- [Task goal]
Take every line from the material that has the word "length" in it.

- [Stored data]
******************************
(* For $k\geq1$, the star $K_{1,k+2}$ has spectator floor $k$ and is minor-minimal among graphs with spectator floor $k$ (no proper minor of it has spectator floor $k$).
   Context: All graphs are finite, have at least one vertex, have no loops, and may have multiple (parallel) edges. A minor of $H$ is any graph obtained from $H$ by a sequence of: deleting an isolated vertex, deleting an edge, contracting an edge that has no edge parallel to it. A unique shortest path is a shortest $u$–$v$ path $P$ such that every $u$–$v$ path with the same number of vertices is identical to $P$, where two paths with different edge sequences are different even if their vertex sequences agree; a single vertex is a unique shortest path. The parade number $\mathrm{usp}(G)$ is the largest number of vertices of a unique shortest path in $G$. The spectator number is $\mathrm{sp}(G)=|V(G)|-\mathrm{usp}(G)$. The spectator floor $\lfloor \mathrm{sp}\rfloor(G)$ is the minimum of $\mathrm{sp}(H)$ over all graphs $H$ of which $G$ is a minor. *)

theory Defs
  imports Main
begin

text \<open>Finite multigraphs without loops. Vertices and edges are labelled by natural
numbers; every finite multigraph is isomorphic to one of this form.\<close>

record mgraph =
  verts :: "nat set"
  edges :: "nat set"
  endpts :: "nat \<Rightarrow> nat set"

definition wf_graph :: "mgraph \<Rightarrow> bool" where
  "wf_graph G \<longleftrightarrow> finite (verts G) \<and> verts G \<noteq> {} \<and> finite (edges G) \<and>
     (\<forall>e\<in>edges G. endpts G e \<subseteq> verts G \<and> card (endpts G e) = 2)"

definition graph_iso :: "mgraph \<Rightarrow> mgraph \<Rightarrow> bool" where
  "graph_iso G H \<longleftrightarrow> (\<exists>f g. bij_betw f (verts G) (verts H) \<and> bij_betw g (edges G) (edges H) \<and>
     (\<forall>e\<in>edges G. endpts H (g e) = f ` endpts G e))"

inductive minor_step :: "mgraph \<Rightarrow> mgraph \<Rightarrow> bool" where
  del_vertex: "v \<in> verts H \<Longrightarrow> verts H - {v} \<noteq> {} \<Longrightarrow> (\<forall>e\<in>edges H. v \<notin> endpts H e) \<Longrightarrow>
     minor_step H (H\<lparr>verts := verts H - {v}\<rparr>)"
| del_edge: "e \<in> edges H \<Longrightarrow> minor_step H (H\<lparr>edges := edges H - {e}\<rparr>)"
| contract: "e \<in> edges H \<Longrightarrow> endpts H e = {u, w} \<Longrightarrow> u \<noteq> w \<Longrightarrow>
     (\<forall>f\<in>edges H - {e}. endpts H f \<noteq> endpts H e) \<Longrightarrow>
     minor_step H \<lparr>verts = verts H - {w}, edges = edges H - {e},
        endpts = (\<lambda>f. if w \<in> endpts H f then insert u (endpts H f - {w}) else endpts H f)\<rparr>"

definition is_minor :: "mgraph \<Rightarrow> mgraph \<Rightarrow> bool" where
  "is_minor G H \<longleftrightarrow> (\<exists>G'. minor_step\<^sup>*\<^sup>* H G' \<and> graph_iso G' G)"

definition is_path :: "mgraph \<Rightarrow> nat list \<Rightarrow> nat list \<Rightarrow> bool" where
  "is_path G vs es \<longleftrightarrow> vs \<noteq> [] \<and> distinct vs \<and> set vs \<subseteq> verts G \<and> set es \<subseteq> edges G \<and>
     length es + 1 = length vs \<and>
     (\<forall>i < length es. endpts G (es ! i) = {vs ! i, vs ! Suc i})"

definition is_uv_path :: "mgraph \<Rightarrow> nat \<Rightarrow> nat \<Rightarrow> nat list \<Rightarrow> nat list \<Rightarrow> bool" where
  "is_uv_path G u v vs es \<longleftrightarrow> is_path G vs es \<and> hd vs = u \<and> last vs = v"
******************************
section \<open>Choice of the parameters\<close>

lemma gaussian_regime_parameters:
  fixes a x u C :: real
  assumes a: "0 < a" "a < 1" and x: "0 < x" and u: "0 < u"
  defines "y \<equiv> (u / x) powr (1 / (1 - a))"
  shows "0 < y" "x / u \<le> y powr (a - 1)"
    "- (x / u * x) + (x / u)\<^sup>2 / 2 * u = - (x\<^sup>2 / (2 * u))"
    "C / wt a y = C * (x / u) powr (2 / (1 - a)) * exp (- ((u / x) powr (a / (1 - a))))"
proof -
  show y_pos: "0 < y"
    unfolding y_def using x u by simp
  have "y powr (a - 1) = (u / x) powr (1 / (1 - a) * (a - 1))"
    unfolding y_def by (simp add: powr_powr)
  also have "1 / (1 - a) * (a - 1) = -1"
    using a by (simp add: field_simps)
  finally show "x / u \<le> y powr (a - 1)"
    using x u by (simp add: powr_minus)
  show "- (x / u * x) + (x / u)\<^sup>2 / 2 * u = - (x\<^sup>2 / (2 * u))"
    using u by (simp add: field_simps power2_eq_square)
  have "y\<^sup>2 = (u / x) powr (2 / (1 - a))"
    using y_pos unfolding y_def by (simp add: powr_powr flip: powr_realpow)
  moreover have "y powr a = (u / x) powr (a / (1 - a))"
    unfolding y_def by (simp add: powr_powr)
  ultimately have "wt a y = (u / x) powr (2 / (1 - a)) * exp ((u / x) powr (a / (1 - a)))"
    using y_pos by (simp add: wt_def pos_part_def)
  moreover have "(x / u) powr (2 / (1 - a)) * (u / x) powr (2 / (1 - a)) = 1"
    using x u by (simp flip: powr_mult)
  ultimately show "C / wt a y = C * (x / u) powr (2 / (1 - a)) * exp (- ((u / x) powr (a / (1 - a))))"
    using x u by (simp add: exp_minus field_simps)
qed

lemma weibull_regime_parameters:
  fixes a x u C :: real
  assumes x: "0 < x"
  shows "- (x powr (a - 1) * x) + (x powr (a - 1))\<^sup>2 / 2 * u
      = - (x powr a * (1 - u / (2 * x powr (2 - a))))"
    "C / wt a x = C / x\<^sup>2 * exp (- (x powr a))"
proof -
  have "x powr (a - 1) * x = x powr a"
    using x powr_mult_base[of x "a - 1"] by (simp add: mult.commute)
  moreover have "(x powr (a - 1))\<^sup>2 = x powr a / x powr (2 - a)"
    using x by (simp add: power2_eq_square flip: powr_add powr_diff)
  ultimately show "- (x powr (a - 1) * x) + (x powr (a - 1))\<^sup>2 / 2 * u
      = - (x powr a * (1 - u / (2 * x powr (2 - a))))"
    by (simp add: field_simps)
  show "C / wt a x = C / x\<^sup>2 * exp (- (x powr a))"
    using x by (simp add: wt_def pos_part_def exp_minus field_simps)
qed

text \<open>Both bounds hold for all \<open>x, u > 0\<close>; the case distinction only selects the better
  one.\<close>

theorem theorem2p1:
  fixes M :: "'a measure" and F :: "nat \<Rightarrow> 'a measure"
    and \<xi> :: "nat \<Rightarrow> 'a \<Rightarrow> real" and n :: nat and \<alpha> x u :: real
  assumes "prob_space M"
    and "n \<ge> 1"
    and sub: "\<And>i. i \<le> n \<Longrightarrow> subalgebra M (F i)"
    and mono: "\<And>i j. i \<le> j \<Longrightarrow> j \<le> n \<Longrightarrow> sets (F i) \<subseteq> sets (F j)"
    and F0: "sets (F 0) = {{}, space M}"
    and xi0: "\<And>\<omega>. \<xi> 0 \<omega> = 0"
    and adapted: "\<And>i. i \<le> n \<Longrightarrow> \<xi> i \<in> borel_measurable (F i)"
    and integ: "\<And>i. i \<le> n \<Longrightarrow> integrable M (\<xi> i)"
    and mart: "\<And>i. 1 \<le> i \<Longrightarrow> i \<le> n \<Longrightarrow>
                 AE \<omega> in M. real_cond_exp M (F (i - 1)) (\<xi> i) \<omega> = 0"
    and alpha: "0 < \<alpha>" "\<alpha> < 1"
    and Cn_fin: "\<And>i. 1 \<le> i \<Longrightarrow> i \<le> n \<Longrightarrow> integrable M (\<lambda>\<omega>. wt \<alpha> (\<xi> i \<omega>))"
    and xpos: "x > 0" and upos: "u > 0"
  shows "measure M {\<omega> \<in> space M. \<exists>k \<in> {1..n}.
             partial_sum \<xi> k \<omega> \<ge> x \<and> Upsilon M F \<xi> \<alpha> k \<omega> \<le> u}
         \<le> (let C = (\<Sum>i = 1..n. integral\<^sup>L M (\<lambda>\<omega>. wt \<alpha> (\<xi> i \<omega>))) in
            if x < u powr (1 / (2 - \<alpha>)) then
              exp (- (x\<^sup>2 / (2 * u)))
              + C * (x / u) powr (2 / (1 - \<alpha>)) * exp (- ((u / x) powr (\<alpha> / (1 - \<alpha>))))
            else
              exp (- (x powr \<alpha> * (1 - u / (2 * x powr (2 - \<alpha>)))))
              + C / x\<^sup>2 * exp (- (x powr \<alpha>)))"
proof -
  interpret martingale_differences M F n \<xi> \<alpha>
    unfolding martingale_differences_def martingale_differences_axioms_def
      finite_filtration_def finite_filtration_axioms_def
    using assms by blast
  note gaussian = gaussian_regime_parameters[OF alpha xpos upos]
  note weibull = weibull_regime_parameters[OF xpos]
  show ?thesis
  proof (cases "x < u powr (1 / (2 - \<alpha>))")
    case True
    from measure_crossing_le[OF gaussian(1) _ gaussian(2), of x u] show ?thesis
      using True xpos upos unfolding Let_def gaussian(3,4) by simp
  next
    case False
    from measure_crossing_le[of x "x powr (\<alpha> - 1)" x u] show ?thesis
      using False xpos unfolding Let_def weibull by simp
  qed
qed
******************************
- [Solved exercise]
     length es + 1 = length vs \<and>
     (\<forall>i < length es. endpts G (es ! i) = {vs ! i, vs ! Suc i})"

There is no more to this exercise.